Exercise prompt -> The answer must be every line from the entries below that contains "moreover".

Dataset entries

###

(* Let $H$ be a homogeneous relation on a finite set $V$ with $|V|\ge 2$ and let $x\in V$. Let $P_0$ be the partition of $V\setminus\{x\}$ into the equivalence classes of $H_x$. Consider the following refinement rule applied to a partition $P$ of $V\setminus\{x\}$ with a pivot $y\in V\setminus\{x\}$: letting $C(y)$ be the class of $P$ containing $y$, replace every class $C\neq C(y)$ of $P$ by the nonempty sets among $C\cap K$, where $K$ ranges over the equivalence classes of $H_y$. Starting from $P_0$ and applying this rule with arbitrary pivots in an arbitrary order until no application of the rule changes the partition, the final partition equals $MHS(x)$, the partition of $V\setminus\{x\}$ into the inclusion-maximal homogeneous sets not containing $x$.
   Context: $V$ is a finite set. A reflectless triple is a triple $(x,y,z)\in V^3$ with $x\neq y$ and $x\neq z$, written $(x|yz)$. A homogeneous relation $H$ on $V$ is a set of reflectless triples (we write $H(s|xy)$ when $(s|xy)\in H$) such that for every $s\in V$ the binary relation $H_s=\{(x,y): H(s|xy)\}$ is an equivalence relation on $V\setminus\{s\}$. For $X\subseteq V$ and $s\notin X$, $s$ distinguishes $X$ if there are $x,y\in X$ with not $H(s|xy)$. A homogeneous set is a nonempty $M\subseteq V$ such that no element of $V\setminus M$ distinguishes $M$. The inclusion-maximal homogeneous sets not containing $x$ form a partition of $V\setminus\{x\}$, denoted $MHS(x)$. *)

theory Defs
  imports Main
begin

text \<open>Triples (s,x,y) are written (s|xy) in the paper.  A homogeneous relation on V
is a set of reflectless triples over V such that every H_s is an equivalence
relation on V - {s}.\<close>

definition H_at :: "('a \<times> 'a \<times> 'a) set \<Rightarrow> 'a \<Rightarrow> ('a \<times> 'a) set" where
  "H_at H s = {(a, b). (s, a, b) \<in> H}"

definition reflectless :: "'a set \<Rightarrow> ('a \<times> 'a \<times> 'a) set" where
  "reflectless V = {(s, a, b). s \<in> V \<and> a \<in> V \<and> b \<in> V \<and> s \<noteq> a \<and> s \<noteq> b}"

definition homogeneous_rel :: "'a set \<Rightarrow> ('a \<times> 'a \<times> 'a) set \<Rightarrow> bool" where
  "homogeneous_rel V H \<longleftrightarrow> H \<subseteq> reflectless V \<and> (\<forall>s\<in>V. equiv (V - {s}) (H_at H s))"

definition distinguishes :: "('a \<times> 'a \<times> 'a) set \<Rightarrow> 'a \<Rightarrow> 'a set \<Rightarrow> bool" where
  "distinguishes H s X \<longleftrightarrow> (\<exists>a\<in>X. \<exists>b\<in>X. (s, a, b) \<notin> H)"

definition homogeneous_set :: "'a set \<Rightarrow> ('a \<times> 'a \<times> 'a) set \<Rightarrow> 'a set \<Rightarrow> bool" where
  "homogeneous_set V H M \<longleftrightarrow> M \<noteq> {} \<and> M \<subseteq> V \<and> (\<forall>s\<in>V - M. \<not> distinguishes H s M)"

definition MHS :: "'a set \<Rightarrow> ('a \<times> 'a \<times> 'a) set \<Rightarrow> 'a \<Rightarrow> 'a set set" where
  "MHS V H x = {M. homogeneous_set V H M \<and> x \<notin> M \<and>
     (\<forall>M'. homogeneous_set V H M' \<and> x \<notin> M' \<and> M \<subseteq> M' \<longrightarrow> M' = M)}"

definition refine :: "'a set \<Rightarrow> ('a \<times> 'a \<times> 'a) set \<Rightarrow> 'a set set \<Rightarrow> 'a \<Rightarrow> 'a set set" where
  "refine V H P y =
     {C. C \<in> P \<and> y \<in> C} \<union>
     {C \<inter> K | C K. C \<in> P \<and> y \<notin> C \<and> K \<in> (V - {y}) // H_at H y \<and> C \<inter> K \<noteq> {}}"

definition initial_partition :: "'a set \<Rightarrow> ('a \<times> 'a \<times> 'a) set \<Rightarrow> 'a \<Rightarrow> 'a set set" where
  "initial_partition V H x = (V - {x}) // H_at H x"

definition refine_step :: "'a set \<Rightarrow> ('a \<times> 'a \<times> 'a) set \<Rightarrow> 'a \<Rightarrow> 'a set set \<Rightarrow> 'a set set \<Rightarrow> bool" where
  "refine_step V H x P P' \<longleftrightarrow> (\<exists>y \<in> V - {x}. P' = refine V H P y)"

definition refine_stable :: "'a set \<Rightarrow> ('a \<times> 'a \<times> 'a) set \<Rightarrow> 'a \<Rightarrow> 'a set set \<Rightarrow> bool" where
  "refine_stable V H x P \<longleftrightarrow> (\<forall>y \<in> V - {x}. refine V H P y = P)"

end

theory Submission
  imports Defs
begin

text \<open>Every partition reachable from the H_x-classes satisfies an invariant: its blocks
are nonempty, pairwise disjoint, contained in H_x-classes, and every homogeneous set M
avoiding x lies inside a single block. The last part survives a refinement step with
pivot y because M either contains y, and then its block is kept, or lies inside one
class of H_y. In a stable partition no block C is distinguished by any s outside it:
not by x, as C lies in an H_x-class, and not by any other s, since stability for the
pivot s keeps C inside an H_s-class. So the blocks are homogeneous, and being disjoint
and covering all homogeneous sets avoiding x, they are exactly the maximal ones.\<close>

lemma equiv_H_at:
  assumes "homogeneous_rel V H" and "s \<in> V"
  shows "equiv (V - {s}) (H_at H s)"
  using assms unfolding homogeneous_rel_def by blast

lemma subset_class_not_distinguished:
  assumes "homogeneous_rel V H" and "s \<in> V"
    and K: "K \<in> (V - {s}) // H_at H s" and "C \<subseteq> K"
  shows "\<not> distinguishes H s C"
proof -
  have "(a, b) \<in> H_at H s" if "a \<in> K" "b \<in> K" for a b
    using quotient_eq_iff[OF equiv_H_at[OF assms(1,2)] K K that] by simp
  then show ?thesis
    using \<open>C \<subseteq> K\<close> unfolding distinguishes_def H_at_def by blast
qed

lemma homogeneous_set_subset_class:
  assumes "s \<in> V" and M: "homogeneous_set V H M" and "s \<notin> M"
  shows "\<exists>K \<in> (V - {s}) // H_at H s. M \<subseteq> K"
proof -
  obtain m where "m \<in> M" using M unfolding homogeneous_set_def by blast
  have "H_at H s `` {m} \<in> (V - {s}) // H_at H s"
    using \<open>m \<in> M\<close> \<open>s \<notin> M\<close> M unfolding homogeneous_set_def by (blast intro: quotientI)
  moreover have "M \<subseteq> H_at H s `` {m}"
    using M assms(1,3) \<open>m \<in> M\<close>
    unfolding homogeneous_set_def distinguishes_def H_at_def by blast
  ultimately show ?thesis by blast
qed

lemma refine_block_cases:
  assumes "C \<in> refine V H P y"
  obtains "C \<in> P" "y \<in> C"
  | A K where "C = A \<inter> K" "A \<in> P" "y \<notin> A" "K \<in> (V - {y}) // H_at H y" "C \<noteq> {}"
  using assms unfolding refine_def by blast

lemma refine_block_subset_block:
  assumes "C \<in> refine V H P y"
  shows "\<exists>A \<in> P. C \<subseteq> A"
  using assms by (cases rule: refine_block_cases) blast+

lemma empty_notin_refine:
  assumes "{} \<notin> P"
  shows "{} \<notin> refine V H P y"
  using assms by (blast elim: refine_block_cases)

lemma pairwise_disjnt_refine:
  assumes eq: "equiv (V - {y}) (H_at H y)" and disj: "pairwise disjnt P"
  shows "pairwise disjnt (refine V H P y)"
proof
  fix C1 C2
  assume C1: "C1 \<in> refine V H P y" and C2: "C2 \<in> refine V H P y" and "C1 \<noteq> C2"
  have decomp: "\<exists>A \<in> P. \<exists>K. C = A \<inter> K \<and>
      (if y \<in> A then K = UNIV else K \<in> (V - {y}) // H_at H y)"
    if "C \<in> refine V H P y" for C
    using that by (cases rule: refine_block_cases) auto
  obtain A1 K1 where A1: "A1 \<in> P" "C1 = A1 \<inter> K1"
    and K1: "if y \<in> A1 then K1 = UNIV else K1 \<in> (V - {y}) // H_at H y"
    using decomp[OF C1] by blast
  obtain A2 K2 where A2: "A2 \<in> P" "C2 = A2 \<inter> K2"
    and K2: "if y \<in> A2 then K2 = UNIV else K2 \<in> (V - {y}) // H_at H y"
    using decomp[OF C2] by blast
  show "disjnt C1 C2"
  proof (cases "A1 = A2")
    case True
    with K1 K2 \<open>C1 \<noteq> C2\<close> A1(2) A2(2)
    have "K1 \<in> (V - {y}) // H_at H y" "K2 \<in> (V - {y}) // H_at H y" "K1 \<noteq> K2"
      by (auto split: if_splits)
    then have "K1 \<inter> K2 = {}" using quotient_disj[OF eq] by blast
    then show ?thesis using A1(2) A2(2) by (auto simp: disjnt_def)
  next
    case False
    then have "disjnt A1 A2" using disj A1(1) A2(1) by (rule pairwiseD[rotated 3])
    then show ?thesis using A1(2) A2(2) by (auto simp: disjnt_def)
  qed
qed

lemma refine_keeps_homogeneous_set:
  assumes "y \<in> V" and M: "homogeneous_set V H M" and "A \<in> P" and "M \<subseteq> A"
  shows "\<exists>C \<in> refine V H P y. M \<subseteq> C"
proof (cases "y \<in> A")
  case True
  then have "A \<in> refine V H P y" using \<open>A \<in> P\<close> unfolding refine_def by blast
  then show ?thesis using \<open>M \<subseteq> A\<close> by blast
next
  case False
  then obtain K where K: "K \<in> (V - {y}) // H_at H y" "M \<subseteq> K"
    using homogeneous_set_subset_class[OF \<open>y \<in> V\<close> M] \<open>M \<subseteq> A\<close> by blast
  have "M \<noteq> {}" using M unfolding homogeneous_set_def by blast
  then have "A \<inter> K \<in> refine V H P y"
    using \<open>A \<in> P\<close> False K \<open>M \<subseteq> A\<close> unfolding refine_def by blast
  then show ?thesis using \<open>M \<subseteq> A\<close> K(2) by blast
qed

definition refinement_invariant :: "'a set \<Rightarrow> ('a \<times> 'a \<times> 'a) set \<Rightarrow> 'a \<Rightarrow> 'a set set \<Rightarrow> bool" where
  "refinement_invariant V H x P \<longleftrightarrow>
     {} \<notin> P \<and> pairwise disjnt P \<and> (\<forall>C \<in> P. \<exists>K \<in> (V - {x}) // H_at H x. C \<subseteq> K) \<and>
     (\<forall>M. homogeneous_set V H M \<and> x \<notin> M \<longrightarrow> (\<exists>C \<in> P. M \<subseteq> C))"

lemma refinement_invariant_initial:
  assumes "homogeneous_rel V H" and "x \<in> V"
  shows "refinement_invariant V H x (initial_partition V H x)"
proof -
  have eq: "equiv (V - {x}) (H_at H x)" using equiv_H_at[OF assms] .
  have "pairwise disjnt ((V - {x}) // H_at H x)"
    using quotient_disj[OF eq] unfolding pairwise_def disjnt_def by blast
  then show ?thesis
    unfolding refinement_invariant_def initial_partition_def
    using in_quotient_imp_non_empty[OF eq] homogeneous_set_subset_class[OF \<open>x \<in> V\<close>]
    by blast
qed

lemma refinement_invariant_refine:
  assumes hr: "homogeneous_rel V H" and inv: "refinement_invariant V H x P" and "y \<in> V"
  shows "refinement_invariant V H x (refine V H P y)"
proof -
  note inv' = inv[unfolded refinement_invariant_def]
  have nonempty: "{} \<notin> P" and disj: "pairwise disjnt P" using inv' by simp_all
  have in_class: "\<exists>K \<in> (V - {x}) // H_at H x. A \<subseteq> K" if "A \<in> P" for A
    using inv' that by simp
  have cover: "\<exists>A \<in> P. M \<subseteq> A" if "homogeneous_set V H M" "x \<notin> M" for M
    using inv' that by simp
  have "\<exists>K \<in> (V - {x}) // H_at H x. C \<subseteq> K" if C: "C \<in> refine V H P y" for C
  proof -
    obtain A where "A \<in> P" "C \<subseteq> A" using refine_block_subset_block[OF C] by blast
    then show ?thesis using in_class[OF \<open>A \<in> P\<close>] by (meson subset_trans)
  qed
  moreover have "\<exists>C \<in> refine V H P y. M \<subseteq> C" if M: "homogeneous_set V H M" "x \<notin> M" for M
  proof -
    obtain A where "A \<in> P" "M \<subseteq> A" using cover[OF M] by blast
    then show ?thesis using refine_keeps_homogeneous_set[OF \<open>y \<in> V\<close> M(1)] by blast
  qed
  ultimately show ?thesis
    unfolding refinement_invariant_def
    using empty_notin_refine[OF nonempty] pairwise_disjnt_refine[OF equiv_H_at[OF hr \<open>y \<in> V\<close>] disj]
    by simp
qed

lemma refinement_invariant_reachable:
  assumes "homogeneous_rel V H" and "x \<in> V"
    and "(refine_step V H x)\<^sup>*\<^sup>* (initial_partition V H x) P"
  shows "refinement_invariant V H x P"
  using assms(3)
proof (induction rule: rtranclp_induct)
  case base
  show ?case using refinement_invariant_initial[OF assms(1,2)] .
next
  case (step P P')
  then show ?case
    using refinement_invariant_refine[OF assms(1)] unfolding refine_step_def by blast
qed

lemma stable_block_homogeneous:
  assumes hr: "homogeneous_rel V H" and "x \<in> V"
    and inv: "refinement_invariant V H x P" and stable: "refine_stable V H x P"
    and "C \<in> P"
  shows "homogeneous_set V H C" and "x \<notin> C"
proof -
  obtain K where K: "K \<in> (V - {x}) // H_at H x" "C \<subseteq> K"
    using inv \<open>C \<in> P\<close> unfolding refinement_invariant_def by blast
  have "K \<subseteq> V - {x}" using in_quotient_imp_subset[OF equiv_H_at[OF hr \<open>x \<in> V\<close>] K(1)] .
  then show "x \<notin> C" using K(2) by blast
  have "\<not> distinguishes H s C" if s: "s \<in> V - C" for s
  proof (cases "s = x")
    case True
    then show ?thesis using subset_class_not_distinguished[OF hr \<open>x \<in> V\<close> K] by simp
  next
    case False
    then have "C \<in> refine V H P s" using stable s \<open>C \<in> P\<close> unfolding refine_stable_def by simp
    then obtain K' where "K' \<in> (V - {s}) // H_at H s" "C \<subseteq> K'"
      using s by (cases rule: refine_block_cases) blast+
    then show ?thesis using subset_class_not_distinguished[OF hr] s by blast
  qed
  moreover have "C \<noteq> {}" using inv \<open>C \<in> P\<close> unfolding refinement_invariant_def by blast
  ultimately show "homogeneous_set V H C"
    using K(2) \<open>K \<subseteq> V - {x}\<close> unfolding homogeneous_set_def by blast
qed

lemma MHS_eqI:
  assumes disj: "pairwise disjnt P"
    and blocks: "\<And>C. C \<in> P \<Longrightarrow> homogeneous_set V H C \<and> x \<notin> C"
    and cover: "\<And>M. homogeneous_set V H M \<Longrightarrow> x \<notin> M \<Longrightarrow> \<exists>C \<in> P. M \<subseteq> C"
  shows "P = MHS V H x"
proof
  show "P \<subseteq> MHS V H x"
  proof
    fix C assume "C \<in> P"
    have "M = C" if M: "homogeneous_set V H M" "x \<notin> M" "C \<subseteq> M" for M
    proof -
      obtain C' where "C' \<in> P" "M \<subseteq> C'" using cover[OF M(1,2)] by blast
      moreover have "C \<noteq> {}" using blocks[OF \<open>C \<in> P\<close>] unfolding homogeneous_set_def by blast
      ultimately have "C' = C"
        using disj \<open>C \<in> P\<close> M(3) unfolding pairwise_def disjnt_def by blast
      then show ?thesis using \<open>M \<subseteq> C'\<close> M(3) by blast
    qed
    then show "C \<in> MHS V H x" using blocks[OF \<open>C \<in> P\<close>] unfolding MHS_def by blast
  qed
next
  show "MHS V H x \<subseteq> P"
  proof
    fix M assume "M \<in> MHS V H x"
    then have M: "homogeneous_set V H M" "x \<notin> M"
      and maximal: "\<And>M'. homogeneous_set V H M' \<and> x \<notin> M' \<and> M \<subseteq> M' \<Longrightarrow> M' = M"
      unfolding MHS_def by blast+
    obtain C where "C \<in> P" "M \<subseteq> C" using cover[OF M] by blast
    then show "M \<in> P" using maximal blocks by metis
  qed
qed

theorem mainTheorem10:
  fixes V :: "'a set" and H :: "('a \<times> 'a \<times> 'a) set" and x :: 'a and P :: "'a set set"
  assumes "finite V" and "card V \<ge> 2"
    and "homogeneous_rel V H"
    and "x \<in> V"
    and "(refine_step V H x)\<^sup>*\<^sup>* (initial_partition V H x) P"
    and "refine_stable V H x P"
  shows "P = MHS V H x"
proof -
  have inv: "refinement_invariant V H x P"
    using refinement_invariant_reachable[OF assms(3-5)] .
  show ?thesis
  proof (rule MHS_eqI)
    show "pairwise disjnt P" using inv unfolding refinement_invariant_def by blast
    show "homogeneous_set V H C \<and> x \<notin> C" if "C \<in> P" for C
      using stable_block_homogeneous[OF assms(3,4) inv assms(6) that] by blast
    show "\<exists>C \<in> P. M \<subseteq> C" if "homogeneous_set V H M" "x \<notin> M" for M
      using inv that unfolding refinement_invariant_def by blast
  qed
qed

end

###

Written reply ->
  moreover have "M \<subseteq> H_at H s `` {m}"
  moreover have "\<exists>C \<in> refine V H P y. M \<subseteq> C" if M: "homogeneous_set V H M" "x \<notin> M" for M
  moreover have "C \<noteq> {}" using inv \<open>C \<in> P\<close> unfolding refinement_invariant_def by blast
      moreover have "C \<noteq> {}" using blocks[OF \<open>C \<in> P\<close>] unfolding homogeneous_set_def by blast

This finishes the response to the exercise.